Consider the problem of keeping your address book up to date. The current class of PIMs largely solves the problem of organizing that information and making it generally available in your desktop world, but it misses the broader fact that this information changes frequently and unpredictably. Home pages offer an easy way to publish information about yourself within the Internet, but there's no direct way to integrate this information into the desktop world of the PIM; the best I can do is manually copy the information from the web into my PIM, after I've discovered that my information is out of date.
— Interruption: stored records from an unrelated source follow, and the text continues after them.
(* Let $\mathscr{P}=\{X_t\}_{t\ge1}$ be a stationary ergodic stochastic process over a finite alphabet $\Sigma$, and let $Q$ be its set of causal states (excluding the class of zero-probability sequences). For $q,q'\in Q$ put $\pi_{q,q'}=\sum_{\sigma\in\Sigma:\,q\sigma=q'}\phi_q(\sigma)$. Then for every $q'\in Q$ and every $d\in\mathbb{N}^+$, $$p_d(q')=\sum_{q\in Q}\pi_{q,q'}\,p_{d-1}(q).$$ Furthermore, $\pi_{q,q'}=0$ whenever $q$ is persistent and $q'$ is transient.
   Context: For $x=\sigma_1\cdots\sigma_n\in\Sigma^\star$ (finite sequences, $\lambda$ the empty sequence) write $Pr(x)=Pr(X_1\cdots X_n=\sigma_1\cdots\sigma_n)$, with $Pr(\lambda)=1$. For $x$ with $Pr(x)>0$, $\mu_x$ is the probability measure on $\Sigma^\omega$ (with the $\sigma$-field generated by cylinders $y\Sigma^\omega$) determined by $\mu_x(y\Sigma^\omega)=Pr(xy)/Pr(x)$. Sequences $x,y$ are equivalent ($x\sim y$) iff $Pr(x)=Pr(y)=0$ or $\mu_x=\mu_y$; this equivalence is right-invariant ($x\sim y\Rightarrow xz\sim yz$). The equivalence classes $[x]$ with $Pr(x)>0$ are the causal states; $\mu_{[x]}:=\mu_x$. The symbolic derivative is $\phi_q(\sigma)=\mu_q(\sigma\Sigma^\omega)$. The notation $q\sigma=q'$ means $[x\sigma]=q'$ for all $x\in q$ (well-defined when $\phi_q(\sigma)>0$). For $q\in Q$ and $d\in\mathbb{N}$, $p_d(q)=\sum_{x\in\Sigma^d:\,[x]=q}Pr(x)$. A causal state $q$ is persistent if $\liminf_{d\to\infty}p_d(q)>0$ and transient otherwise. *)

theory Defs
  imports "HOL-Probability.Probability"
begin

text \<open>A process is given by a probability space M and random variables
  X t : M \<rightarrow> \<Sigma> (t = 0,1,2,...; X 0 plays the role of X_1).\<close>

definition law :: "'w measure \<Rightarrow> (nat \<Rightarrow> 'w \<Rightarrow> 'a) \<Rightarrow> (nat \<Rightarrow> 'a) measure" where
  "law M X = distr M (PiM UNIV (\<lambda>_. count_space UNIV)) (\<lambda>\<omega> t. X t \<omega>)"

definition shift :: "(nat \<Rightarrow> 'a) \<Rightarrow> (nat \<Rightarrow> 'a)" where
  "shift f = (\<lambda>t. f (Suc t))"

definition stationary_ergodic :: "'w measure \<Rightarrow> (nat \<Rightarrow> 'w \<Rightarrow> 'a) \<Rightarrow> bool" where
  "stationary_ergodic M X \<longleftrightarrow>
     prob_space M \<and>
     (\<forall>t. X t \<in> measurable M (count_space UNIV)) \<and>
     distr (law M X) (PiM UNIV (\<lambda>_. count_space UNIV)) shift = law M X \<and>
     (\<forall>A \<in> sets (law M X). shift -` A \<inter> space (law M X) = A \<longrightarrow>
         emeasure (law M X) A = 0 \<or> emeasure (law M X) A = 1)"

definition Pr :: "'w measure \<Rightarrow> (nat \<Rightarrow> 'w \<Rightarrow> 'a) \<Rightarrow> 'a list \<Rightarrow> real" where
  "Pr M X x = measure M {\<omega> \<in> space M. \<forall>i < length x. X i \<omega> = x ! i}"

text \<open>mu_x(y Sigma^omega) = Pr(xy)/Pr(x); mu_x is determined by these cylinder values.\<close>
definition mu_cyl :: "'w measure \<Rightarrow> (nat \<Rightarrow> 'w \<Rightarrow> 'a) \<Rightarrow> 'a list \<Rightarrow> 'a list \<Rightarrow> real" where
  "mu_cyl M X x y = Pr M X (x @ y) / Pr M X x"

definition cequiv :: "'w measure \<Rightarrow> (nat \<Rightarrow> 'w \<Rightarrow> 'a) \<Rightarrow> 'a list \<Rightarrow> 'a list \<Rightarrow> bool" where
  "cequiv M X x y \<longleftrightarrow> (Pr M X x = 0 \<and> Pr M X y = 0) \<or>
     (Pr M X x > 0 \<and> Pr M X y > 0 \<and> mu_cyl M X x = mu_cyl M X y)"

definition cls :: "'w measure \<Rightarrow> (nat \<Rightarrow> 'w \<Rightarrow> 'a) \<Rightarrow> 'a list \<Rightarrow> 'a list set" where
  "cls M X x = {y. cequiv M X x y}"

definition causal_states :: "'w measure \<Rightarrow> (nat \<Rightarrow> 'w \<Rightarrow> 'a) \<Rightarrow> 'a list set set" where
  "causal_states M X = {cls M X x | x. Pr M X x > 0}"

definition sym_deriv :: "'w measure \<Rightarrow> (nat \<Rightarrow> 'w \<Rightarrow> 'a) \<Rightarrow> 'a list set \<Rightarrow> 'a \<Rightarrow> real" where
  "sym_deriv M X q \<sigma> = mu_cyl M X (SOME x. x \<in> q) [\<sigma>]"

text \<open>q sigma = q' : [x sigma] = q' for all x in q.\<close>
definition next_state :: "'w measure \<Rightarrow> (nat \<Rightarrow> 'w \<Rightarrow> 'a) \<Rightarrow> 'a list set \<Rightarrow> 'a \<Rightarrow> 'a list set \<Rightarrow> bool" where
  "next_state M X q \<sigma> q' \<longleftrightarrow> (\<forall>x \<in> q. cls M X (x @ [\<sigma>]) = q')"

definition trans_prob :: "'w measure \<Rightarrow> (nat \<Rightarrow> 'w \<Rightarrow> 'a::finite) \<Rightarrow> 'a list set \<Rightarrow> 'a list set \<Rightarrow> real" where
  "trans_prob M X q q' = (\<Sum>\<sigma> \<in> {\<sigma>. next_state M X q \<sigma> q'}. sym_deriv M X q \<sigma>)"

definition pd :: "'w measure \<Rightarrow> (nat \<Rightarrow> 'w \<Rightarrow> 'a::finite) \<Rightarrow> nat \<Rightarrow> 'a list set \<Rightarrow> real" where
  "pd M X d q = (\<Sum>x \<in> {x. length x = d \<and> cls M X x = q}. Pr M X x)"

definition persistent :: "'w measure \<Rightarrow> (nat \<Rightarrow> 'w \<Rightarrow> 'a::finite) \<Rightarrow> 'a list set \<Rightarrow> bool" where
  "persistent M X q \<longleftrightarrow> liminf (\<lambda>d. ereal (pd M X d q)) > 0"

definition transient :: "'w measure \<Rightarrow> (nat \<Rightarrow> 'w \<Rightarrow> 'a::finite) \<Rightarrow> 'a list set \<Rightarrow> bool" where
  "transient M X q \<longleftrightarrow> \<not> persistent M X q"

end

theory Submission
  imports Defs
begin

text \<open>A word of length d + 1 is a word y of length d followed by a letter \<sigma>. Right invariance
  of \<sim> makes [y\<sigma>] depend only on q = [y] and \<sigma>, and Pr(y\<sigma>) = \<phi>_q(\<sigma>) Pr(y) when Pr(y) > 0,
  while words of probability zero contribute nothing; grouping the words y by their causal
  state gives the recursion. It yields \<pi>_{q,q'} p_d(q) \<le> p_{d+1}(q'), so a transition of positive
  probability out of a persistent state q forces liminf p_d(q') \<ge> \<pi>_{q,q'} liminf p_d(q) > 0.\<close>

lemma Pr_nonneg: "Pr M X x \<ge> 0"
  unfolding Pr_def by simp

lemma cequiv_refl: "cequiv M X x x"
  using Pr_nonneg[of M X x] unfolding cequiv_def by (auto simp: less_le)

lemma cequiv_sym: "cequiv M X x y \<Longrightarrow> cequiv M X y x"
  unfolding cequiv_def by auto

lemma cequiv_trans: "cequiv M X x y \<Longrightarrow> cequiv M X y z \<Longrightarrow> cequiv M X x z"
  unfolding cequiv_def by auto

lemma cls_eq_iff: "cls M X x = cls M X y \<longleftrightarrow> cequiv M X x y"
  unfolding cls_def using cequiv_refl cequiv_sym cequiv_trans by blast

lemma cls_in_causal_states_iff: "cls M X y \<in> causal_states M X \<longleftrightarrow> Pr M X y > 0"
proof
  assume "cls M X y \<in> causal_states M X"
  then obtain x where "cls M X y = cls M X x" "Pr M X x > 0"
    unfolding causal_states_def by blast
  then show "Pr M X y > 0"
    unfolding cls_eq_iff cequiv_def by linarith
qed (auto simp: causal_states_def)

lemma sym_deriv_cls:
  assumes "cls M X y \<in> causal_states M X"
  shows "sym_deriv M X (cls M X y) \<sigma> = Pr M X (y @ [\<sigma>]) / Pr M X y"
proof -
  have "(SOME x. x \<in> cls M X y) \<in> cls M X y"
    by (rule someI[of _ y]) (simp add: cls_def cequiv_refl)
  then have "cequiv M X y (SOME x. x \<in> cls M X y)"
    by (simp add: cls_def)
  moreover have "Pr M X y > 0"
    using assms by (simp add: cls_in_causal_states_iff)
  ultimately have "mu_cyl M X (SOME x. x \<in> cls M X y) = mu_cyl M X y"
    unfolding cequiv_def by auto
  then show ?thesis
    by (simp add: sym_deriv_def mu_cyl_def)
qed

lemma mu_cyl_append:
  assumes "Pr M X x \<noteq> 0"
  shows "mu_cyl M X (x @ z) w = mu_cyl M X x (z @ w) / mu_cyl M X x z"
  using assms by (simp add: mu_cyl_def)

locale discrete_process = prob_space M for M :: "'w measure" +
  fixes X :: "nat \<Rightarrow> 'w \<Rightarrow> 'a"
  assumes measurable_X [measurable]: "\<And>t. X t \<in> measurable M (count_space UNIV)"
begin

lemma Pr_append_le: "Pr M X (x @ y) \<le> Pr M X x"
  unfolding Pr_def by (rule finite_measure_mono) (auto simp: nth_append)

lemma Pr_append_eq_0: "Pr M X x = 0 \<Longrightarrow> Pr M X (x @ y) = 0"
  using Pr_append_le[of x y] Pr_nonneg[of M X "x @ y"] by linarith

lemma cequiv_append:
  assumes "cequiv M X x y"
  shows "cequiv M X (x @ z) (y @ z)"
proof (cases "Pr M X x = 0")
  case True
  with assms have "Pr M X y = 0"
    by (simp add: cequiv_def)
  with True show ?thesis
    by (simp add: cequiv_def Pr_append_eq_0)
next
  case False
  with assms have px: "Pr M X x > 0" and py: "Pr M X y > 0"
    and mu: "mu_cyl M X x = mu_cyl M X y"
    by (auto simp: cequiv_def)
  have "Pr M X (x @ z) = Pr M X x * mu_cyl M X x z" "Pr M X (y @ z) = Pr M X y * mu_cyl M X y z"
    using px py by (simp_all add: mu_cyl_def)
  with px py mu have zero_iff: "Pr M X (x @ z) = 0 \<longleftrightarrow> Pr M X (y @ z) = 0"
    by simp
  have "mu_cyl M X (x @ z) w = mu_cyl M X (y @ z) w" for w
    using px py by (simp add: mu_cyl_append mu)
  with zero_iff Pr_nonneg[of M X "x @ z"] Pr_nonneg[of M X "y @ z"] show ?thesis
    unfolding cequiv_def by (auto simp: less_le)
qed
MCML-based web pages can solve this problem. We can define a small ontology for personal information, with such attributes as name, address, workPhone, and emailAddress, which can be used to annotate the information in a home page (Figure 6). This provides the foundation for Web-based extensions to PIMs, such as:

  • If I want to add someone to my PIM, all I need is the URL for their home page. The MCML-enabled PIM can retrieve the page, extract the tagged information, and build an entry for this person. It can also create a permanent connection between the home page and the corresponding entry in the PIM.
  • This connection can be used to keep the PIM's information constantly up to date. At some appropriate and user-defined interval (once a month? on demand? whenever an entry is opened?) the PIM can check those connections, note any changes, and update itself automatically.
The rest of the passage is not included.